Task material =
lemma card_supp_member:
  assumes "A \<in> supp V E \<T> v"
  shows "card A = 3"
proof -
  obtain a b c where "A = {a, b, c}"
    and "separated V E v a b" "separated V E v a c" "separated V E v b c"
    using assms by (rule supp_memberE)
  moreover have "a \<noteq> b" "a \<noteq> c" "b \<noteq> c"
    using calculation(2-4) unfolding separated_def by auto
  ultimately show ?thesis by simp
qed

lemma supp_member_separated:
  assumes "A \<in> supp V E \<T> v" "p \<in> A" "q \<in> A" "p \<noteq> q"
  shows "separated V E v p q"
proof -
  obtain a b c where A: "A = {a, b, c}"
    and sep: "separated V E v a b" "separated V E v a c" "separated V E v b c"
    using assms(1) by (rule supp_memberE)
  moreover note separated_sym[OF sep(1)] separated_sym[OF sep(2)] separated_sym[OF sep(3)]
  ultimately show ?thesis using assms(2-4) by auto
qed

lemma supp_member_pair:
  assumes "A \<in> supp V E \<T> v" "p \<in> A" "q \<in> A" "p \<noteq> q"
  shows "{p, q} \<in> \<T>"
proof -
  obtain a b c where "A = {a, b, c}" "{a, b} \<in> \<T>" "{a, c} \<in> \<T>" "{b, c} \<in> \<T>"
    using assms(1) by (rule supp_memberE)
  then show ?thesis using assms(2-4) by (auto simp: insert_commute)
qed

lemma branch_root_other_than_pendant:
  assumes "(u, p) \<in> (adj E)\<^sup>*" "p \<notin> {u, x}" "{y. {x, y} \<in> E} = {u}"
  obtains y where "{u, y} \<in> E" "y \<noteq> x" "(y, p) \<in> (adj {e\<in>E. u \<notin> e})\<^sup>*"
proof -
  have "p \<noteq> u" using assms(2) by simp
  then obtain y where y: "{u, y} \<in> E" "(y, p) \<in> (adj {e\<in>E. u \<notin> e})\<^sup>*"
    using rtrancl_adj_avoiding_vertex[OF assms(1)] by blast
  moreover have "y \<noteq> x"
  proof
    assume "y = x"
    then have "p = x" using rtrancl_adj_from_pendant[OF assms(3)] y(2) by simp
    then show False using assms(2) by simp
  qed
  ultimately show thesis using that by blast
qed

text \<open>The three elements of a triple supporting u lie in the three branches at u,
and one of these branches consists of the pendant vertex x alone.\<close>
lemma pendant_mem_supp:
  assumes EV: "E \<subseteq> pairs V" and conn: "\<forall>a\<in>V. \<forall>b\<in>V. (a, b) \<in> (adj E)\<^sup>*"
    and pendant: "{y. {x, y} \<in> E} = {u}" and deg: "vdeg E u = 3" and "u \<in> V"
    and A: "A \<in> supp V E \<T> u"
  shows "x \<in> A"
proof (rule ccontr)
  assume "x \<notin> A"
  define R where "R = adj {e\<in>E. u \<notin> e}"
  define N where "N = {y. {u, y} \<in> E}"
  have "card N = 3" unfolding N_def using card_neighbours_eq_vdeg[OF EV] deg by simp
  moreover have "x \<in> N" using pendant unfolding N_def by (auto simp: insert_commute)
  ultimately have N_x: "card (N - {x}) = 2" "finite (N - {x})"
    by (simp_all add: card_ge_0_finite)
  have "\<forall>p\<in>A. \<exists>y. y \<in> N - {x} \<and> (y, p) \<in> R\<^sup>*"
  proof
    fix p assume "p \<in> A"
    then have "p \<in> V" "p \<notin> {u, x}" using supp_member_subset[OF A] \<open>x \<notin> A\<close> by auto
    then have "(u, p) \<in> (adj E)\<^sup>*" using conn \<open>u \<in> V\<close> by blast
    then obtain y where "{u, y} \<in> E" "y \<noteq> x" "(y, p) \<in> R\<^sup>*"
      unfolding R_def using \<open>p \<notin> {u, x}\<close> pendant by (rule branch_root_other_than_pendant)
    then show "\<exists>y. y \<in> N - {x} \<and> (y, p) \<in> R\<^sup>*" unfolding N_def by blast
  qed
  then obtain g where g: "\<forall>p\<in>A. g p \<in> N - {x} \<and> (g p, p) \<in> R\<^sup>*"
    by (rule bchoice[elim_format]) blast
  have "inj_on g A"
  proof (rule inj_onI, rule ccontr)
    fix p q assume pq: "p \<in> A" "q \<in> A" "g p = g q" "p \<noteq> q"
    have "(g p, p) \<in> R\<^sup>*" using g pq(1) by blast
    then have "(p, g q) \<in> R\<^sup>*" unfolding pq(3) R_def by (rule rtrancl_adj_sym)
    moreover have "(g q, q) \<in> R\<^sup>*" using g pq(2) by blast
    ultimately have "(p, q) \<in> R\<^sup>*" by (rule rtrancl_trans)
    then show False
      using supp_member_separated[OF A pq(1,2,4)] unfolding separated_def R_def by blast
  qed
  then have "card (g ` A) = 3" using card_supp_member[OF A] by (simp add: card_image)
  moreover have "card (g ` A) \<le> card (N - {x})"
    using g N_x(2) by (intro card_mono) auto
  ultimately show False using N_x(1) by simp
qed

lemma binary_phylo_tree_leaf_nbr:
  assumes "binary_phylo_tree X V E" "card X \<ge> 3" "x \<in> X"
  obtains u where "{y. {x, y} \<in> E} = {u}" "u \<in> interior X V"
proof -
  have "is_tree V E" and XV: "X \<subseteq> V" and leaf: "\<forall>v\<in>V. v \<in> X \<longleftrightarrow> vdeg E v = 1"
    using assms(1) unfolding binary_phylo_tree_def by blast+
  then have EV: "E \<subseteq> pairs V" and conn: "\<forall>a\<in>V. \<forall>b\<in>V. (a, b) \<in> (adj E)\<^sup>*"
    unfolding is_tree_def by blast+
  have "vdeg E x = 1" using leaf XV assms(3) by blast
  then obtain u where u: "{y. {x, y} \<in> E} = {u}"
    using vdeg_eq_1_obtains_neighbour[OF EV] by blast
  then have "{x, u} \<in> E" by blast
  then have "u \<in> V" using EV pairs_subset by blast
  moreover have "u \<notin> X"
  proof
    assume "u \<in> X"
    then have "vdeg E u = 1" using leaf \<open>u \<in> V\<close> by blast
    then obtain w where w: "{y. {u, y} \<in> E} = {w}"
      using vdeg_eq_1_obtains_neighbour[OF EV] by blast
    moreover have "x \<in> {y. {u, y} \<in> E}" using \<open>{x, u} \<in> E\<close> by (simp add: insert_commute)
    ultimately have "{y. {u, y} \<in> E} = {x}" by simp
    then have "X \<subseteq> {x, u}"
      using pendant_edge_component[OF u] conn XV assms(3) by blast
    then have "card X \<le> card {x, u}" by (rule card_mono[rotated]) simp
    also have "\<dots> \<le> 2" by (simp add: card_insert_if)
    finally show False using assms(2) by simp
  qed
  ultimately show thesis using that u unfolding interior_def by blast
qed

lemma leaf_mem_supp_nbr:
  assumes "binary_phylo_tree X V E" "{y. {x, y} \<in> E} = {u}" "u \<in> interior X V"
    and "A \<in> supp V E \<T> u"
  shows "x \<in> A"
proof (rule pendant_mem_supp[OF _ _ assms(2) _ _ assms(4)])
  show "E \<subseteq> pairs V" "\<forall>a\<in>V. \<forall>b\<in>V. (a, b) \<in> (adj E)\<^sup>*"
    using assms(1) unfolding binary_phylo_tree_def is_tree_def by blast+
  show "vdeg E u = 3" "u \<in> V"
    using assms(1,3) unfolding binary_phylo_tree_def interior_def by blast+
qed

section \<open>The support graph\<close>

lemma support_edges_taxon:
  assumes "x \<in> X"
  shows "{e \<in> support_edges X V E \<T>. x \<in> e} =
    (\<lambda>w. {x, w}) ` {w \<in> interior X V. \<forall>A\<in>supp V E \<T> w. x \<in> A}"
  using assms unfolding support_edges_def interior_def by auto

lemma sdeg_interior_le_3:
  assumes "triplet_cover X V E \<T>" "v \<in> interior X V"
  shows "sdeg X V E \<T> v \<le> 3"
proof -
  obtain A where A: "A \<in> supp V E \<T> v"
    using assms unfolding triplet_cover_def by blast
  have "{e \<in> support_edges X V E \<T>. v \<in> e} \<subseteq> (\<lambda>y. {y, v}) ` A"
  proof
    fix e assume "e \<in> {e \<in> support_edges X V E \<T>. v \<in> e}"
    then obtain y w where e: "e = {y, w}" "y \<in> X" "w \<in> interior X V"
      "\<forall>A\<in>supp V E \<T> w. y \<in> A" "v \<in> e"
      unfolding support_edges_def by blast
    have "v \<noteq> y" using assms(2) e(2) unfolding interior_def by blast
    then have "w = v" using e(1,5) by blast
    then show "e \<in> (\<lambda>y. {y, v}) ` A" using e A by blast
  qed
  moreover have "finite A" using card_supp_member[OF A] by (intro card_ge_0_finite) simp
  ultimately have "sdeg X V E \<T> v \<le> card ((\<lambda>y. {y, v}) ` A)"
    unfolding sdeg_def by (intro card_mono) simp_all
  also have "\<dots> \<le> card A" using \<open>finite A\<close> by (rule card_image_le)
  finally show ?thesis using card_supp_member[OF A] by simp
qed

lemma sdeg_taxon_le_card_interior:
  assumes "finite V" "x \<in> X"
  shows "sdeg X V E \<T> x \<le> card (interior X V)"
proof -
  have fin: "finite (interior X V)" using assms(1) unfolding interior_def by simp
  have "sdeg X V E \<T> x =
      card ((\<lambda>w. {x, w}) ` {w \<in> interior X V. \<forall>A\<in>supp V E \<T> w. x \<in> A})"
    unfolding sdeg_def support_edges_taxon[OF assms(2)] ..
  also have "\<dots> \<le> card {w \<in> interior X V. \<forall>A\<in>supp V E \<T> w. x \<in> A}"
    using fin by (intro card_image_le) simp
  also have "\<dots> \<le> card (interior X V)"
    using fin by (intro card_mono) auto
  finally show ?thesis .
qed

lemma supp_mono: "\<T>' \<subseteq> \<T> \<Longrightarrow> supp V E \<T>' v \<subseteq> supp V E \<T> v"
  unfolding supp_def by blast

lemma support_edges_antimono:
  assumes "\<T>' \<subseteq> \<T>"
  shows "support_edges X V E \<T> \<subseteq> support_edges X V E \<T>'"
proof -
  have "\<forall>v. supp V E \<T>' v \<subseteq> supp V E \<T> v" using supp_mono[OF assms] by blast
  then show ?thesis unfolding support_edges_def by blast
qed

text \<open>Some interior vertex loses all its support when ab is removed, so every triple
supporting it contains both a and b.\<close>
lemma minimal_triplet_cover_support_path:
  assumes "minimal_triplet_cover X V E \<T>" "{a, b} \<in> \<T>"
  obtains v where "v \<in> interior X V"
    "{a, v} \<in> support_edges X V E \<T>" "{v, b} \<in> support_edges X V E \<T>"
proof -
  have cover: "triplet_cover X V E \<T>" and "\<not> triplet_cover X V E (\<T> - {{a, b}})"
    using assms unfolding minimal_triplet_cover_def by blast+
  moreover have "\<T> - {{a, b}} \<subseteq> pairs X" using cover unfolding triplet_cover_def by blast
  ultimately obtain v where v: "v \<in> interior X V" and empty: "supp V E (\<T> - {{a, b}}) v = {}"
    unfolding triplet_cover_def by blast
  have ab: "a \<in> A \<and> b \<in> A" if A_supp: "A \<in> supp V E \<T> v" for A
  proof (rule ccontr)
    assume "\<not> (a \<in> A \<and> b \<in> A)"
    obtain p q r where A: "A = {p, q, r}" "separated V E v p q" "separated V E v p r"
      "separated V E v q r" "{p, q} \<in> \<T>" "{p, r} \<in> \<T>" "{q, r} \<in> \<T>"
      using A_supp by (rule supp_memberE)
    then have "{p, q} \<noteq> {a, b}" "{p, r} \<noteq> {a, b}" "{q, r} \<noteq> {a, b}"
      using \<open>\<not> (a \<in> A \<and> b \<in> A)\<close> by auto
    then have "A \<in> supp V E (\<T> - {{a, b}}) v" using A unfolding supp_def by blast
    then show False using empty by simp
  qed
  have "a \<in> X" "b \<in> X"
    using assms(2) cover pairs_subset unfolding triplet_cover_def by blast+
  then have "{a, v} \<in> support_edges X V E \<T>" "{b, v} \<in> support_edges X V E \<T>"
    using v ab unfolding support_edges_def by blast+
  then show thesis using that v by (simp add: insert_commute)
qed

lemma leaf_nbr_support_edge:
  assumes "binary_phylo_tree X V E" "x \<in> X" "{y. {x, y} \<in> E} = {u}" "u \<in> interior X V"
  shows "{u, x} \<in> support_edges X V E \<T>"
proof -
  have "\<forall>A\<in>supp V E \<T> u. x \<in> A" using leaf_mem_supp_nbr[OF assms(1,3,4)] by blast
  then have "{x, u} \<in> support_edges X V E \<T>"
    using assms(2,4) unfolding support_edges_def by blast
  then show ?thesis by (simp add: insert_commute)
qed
* * *
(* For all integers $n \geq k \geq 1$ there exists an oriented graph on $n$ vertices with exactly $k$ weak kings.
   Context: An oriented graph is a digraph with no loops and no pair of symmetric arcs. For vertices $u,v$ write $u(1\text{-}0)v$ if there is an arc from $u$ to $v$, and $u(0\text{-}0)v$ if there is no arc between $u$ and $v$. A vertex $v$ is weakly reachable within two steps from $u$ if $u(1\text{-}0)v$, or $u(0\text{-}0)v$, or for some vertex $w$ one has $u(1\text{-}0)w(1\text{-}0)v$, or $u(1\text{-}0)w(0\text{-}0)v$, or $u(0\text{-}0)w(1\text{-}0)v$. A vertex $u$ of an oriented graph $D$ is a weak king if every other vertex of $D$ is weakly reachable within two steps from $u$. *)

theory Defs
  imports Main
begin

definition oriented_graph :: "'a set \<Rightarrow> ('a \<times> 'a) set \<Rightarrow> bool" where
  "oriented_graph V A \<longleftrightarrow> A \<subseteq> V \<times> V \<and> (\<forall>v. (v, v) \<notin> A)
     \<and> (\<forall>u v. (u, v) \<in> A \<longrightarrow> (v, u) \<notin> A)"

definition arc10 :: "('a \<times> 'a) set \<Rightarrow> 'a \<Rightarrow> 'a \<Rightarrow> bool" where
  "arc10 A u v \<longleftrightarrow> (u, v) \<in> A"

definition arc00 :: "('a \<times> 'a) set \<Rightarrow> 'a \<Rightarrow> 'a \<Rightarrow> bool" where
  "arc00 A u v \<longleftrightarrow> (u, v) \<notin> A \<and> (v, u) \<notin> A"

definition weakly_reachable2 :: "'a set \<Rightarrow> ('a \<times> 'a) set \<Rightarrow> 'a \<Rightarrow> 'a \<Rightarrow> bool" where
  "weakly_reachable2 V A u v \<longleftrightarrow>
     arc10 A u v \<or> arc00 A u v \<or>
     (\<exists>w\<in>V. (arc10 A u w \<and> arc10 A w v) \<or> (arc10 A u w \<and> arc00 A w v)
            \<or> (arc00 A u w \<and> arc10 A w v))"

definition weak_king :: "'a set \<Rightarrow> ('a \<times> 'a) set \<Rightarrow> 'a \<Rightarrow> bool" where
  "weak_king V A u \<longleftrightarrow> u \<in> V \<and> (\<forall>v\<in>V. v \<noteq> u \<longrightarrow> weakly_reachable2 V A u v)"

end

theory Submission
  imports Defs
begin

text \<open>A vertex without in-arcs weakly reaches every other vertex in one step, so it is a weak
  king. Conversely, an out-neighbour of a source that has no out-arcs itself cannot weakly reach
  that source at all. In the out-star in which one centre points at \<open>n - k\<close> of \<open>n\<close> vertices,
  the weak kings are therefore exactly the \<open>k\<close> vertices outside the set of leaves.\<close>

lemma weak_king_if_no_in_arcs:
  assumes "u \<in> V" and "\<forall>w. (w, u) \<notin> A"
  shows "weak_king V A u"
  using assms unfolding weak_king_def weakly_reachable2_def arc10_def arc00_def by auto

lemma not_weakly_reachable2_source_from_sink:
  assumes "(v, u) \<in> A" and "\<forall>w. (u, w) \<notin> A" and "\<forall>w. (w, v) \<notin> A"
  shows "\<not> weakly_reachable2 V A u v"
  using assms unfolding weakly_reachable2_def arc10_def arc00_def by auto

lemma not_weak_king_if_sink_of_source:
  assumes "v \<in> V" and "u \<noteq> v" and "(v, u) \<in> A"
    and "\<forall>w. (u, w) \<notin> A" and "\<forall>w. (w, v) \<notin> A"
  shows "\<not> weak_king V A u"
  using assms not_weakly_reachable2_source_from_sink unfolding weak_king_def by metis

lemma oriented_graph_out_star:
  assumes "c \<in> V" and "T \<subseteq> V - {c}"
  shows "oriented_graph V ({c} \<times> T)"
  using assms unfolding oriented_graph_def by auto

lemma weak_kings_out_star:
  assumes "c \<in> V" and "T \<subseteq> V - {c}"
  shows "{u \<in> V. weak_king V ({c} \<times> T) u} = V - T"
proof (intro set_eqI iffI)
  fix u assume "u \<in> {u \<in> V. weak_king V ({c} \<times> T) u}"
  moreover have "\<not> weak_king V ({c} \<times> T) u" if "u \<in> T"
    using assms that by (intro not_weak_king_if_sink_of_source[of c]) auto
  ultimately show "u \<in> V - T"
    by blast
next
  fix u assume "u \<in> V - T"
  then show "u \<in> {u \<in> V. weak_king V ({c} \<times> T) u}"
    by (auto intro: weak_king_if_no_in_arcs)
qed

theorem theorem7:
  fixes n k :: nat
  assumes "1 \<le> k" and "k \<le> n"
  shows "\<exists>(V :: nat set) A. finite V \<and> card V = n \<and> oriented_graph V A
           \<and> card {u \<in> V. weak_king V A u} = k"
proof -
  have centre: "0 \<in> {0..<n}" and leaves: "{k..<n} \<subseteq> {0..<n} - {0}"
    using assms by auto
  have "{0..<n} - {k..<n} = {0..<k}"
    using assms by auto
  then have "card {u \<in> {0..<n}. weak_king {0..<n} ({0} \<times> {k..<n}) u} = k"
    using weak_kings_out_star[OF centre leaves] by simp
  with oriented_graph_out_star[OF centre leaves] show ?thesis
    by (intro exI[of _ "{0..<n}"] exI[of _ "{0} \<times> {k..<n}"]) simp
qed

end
---
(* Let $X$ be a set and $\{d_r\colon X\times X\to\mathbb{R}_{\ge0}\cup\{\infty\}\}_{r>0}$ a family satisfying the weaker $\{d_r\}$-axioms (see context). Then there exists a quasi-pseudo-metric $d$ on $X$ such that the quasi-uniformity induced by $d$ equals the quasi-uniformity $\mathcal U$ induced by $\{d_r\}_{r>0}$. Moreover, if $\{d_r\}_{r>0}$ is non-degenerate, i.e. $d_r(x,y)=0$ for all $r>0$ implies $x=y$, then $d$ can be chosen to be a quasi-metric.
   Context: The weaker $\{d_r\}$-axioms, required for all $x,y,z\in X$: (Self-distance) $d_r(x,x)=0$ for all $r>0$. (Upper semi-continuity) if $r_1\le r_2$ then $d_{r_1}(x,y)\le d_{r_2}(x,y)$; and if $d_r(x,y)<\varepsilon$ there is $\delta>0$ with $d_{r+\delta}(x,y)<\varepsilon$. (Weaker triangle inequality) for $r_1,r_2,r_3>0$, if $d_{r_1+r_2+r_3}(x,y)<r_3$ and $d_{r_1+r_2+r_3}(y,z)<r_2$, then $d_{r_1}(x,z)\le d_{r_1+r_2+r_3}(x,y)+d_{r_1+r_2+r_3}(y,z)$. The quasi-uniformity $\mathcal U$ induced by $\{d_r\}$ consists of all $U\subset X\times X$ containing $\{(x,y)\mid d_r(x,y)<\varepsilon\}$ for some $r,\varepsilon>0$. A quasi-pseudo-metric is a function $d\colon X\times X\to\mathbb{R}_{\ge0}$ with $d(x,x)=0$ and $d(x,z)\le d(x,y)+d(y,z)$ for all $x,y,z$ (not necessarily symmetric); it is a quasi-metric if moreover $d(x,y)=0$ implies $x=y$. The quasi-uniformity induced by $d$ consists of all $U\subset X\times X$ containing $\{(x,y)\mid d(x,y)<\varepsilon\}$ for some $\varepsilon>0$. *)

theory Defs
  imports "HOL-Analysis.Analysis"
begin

Brief =
Lines that include the word "noteq" — how many are there in the data? Answer with the number alone.

Answer below =
12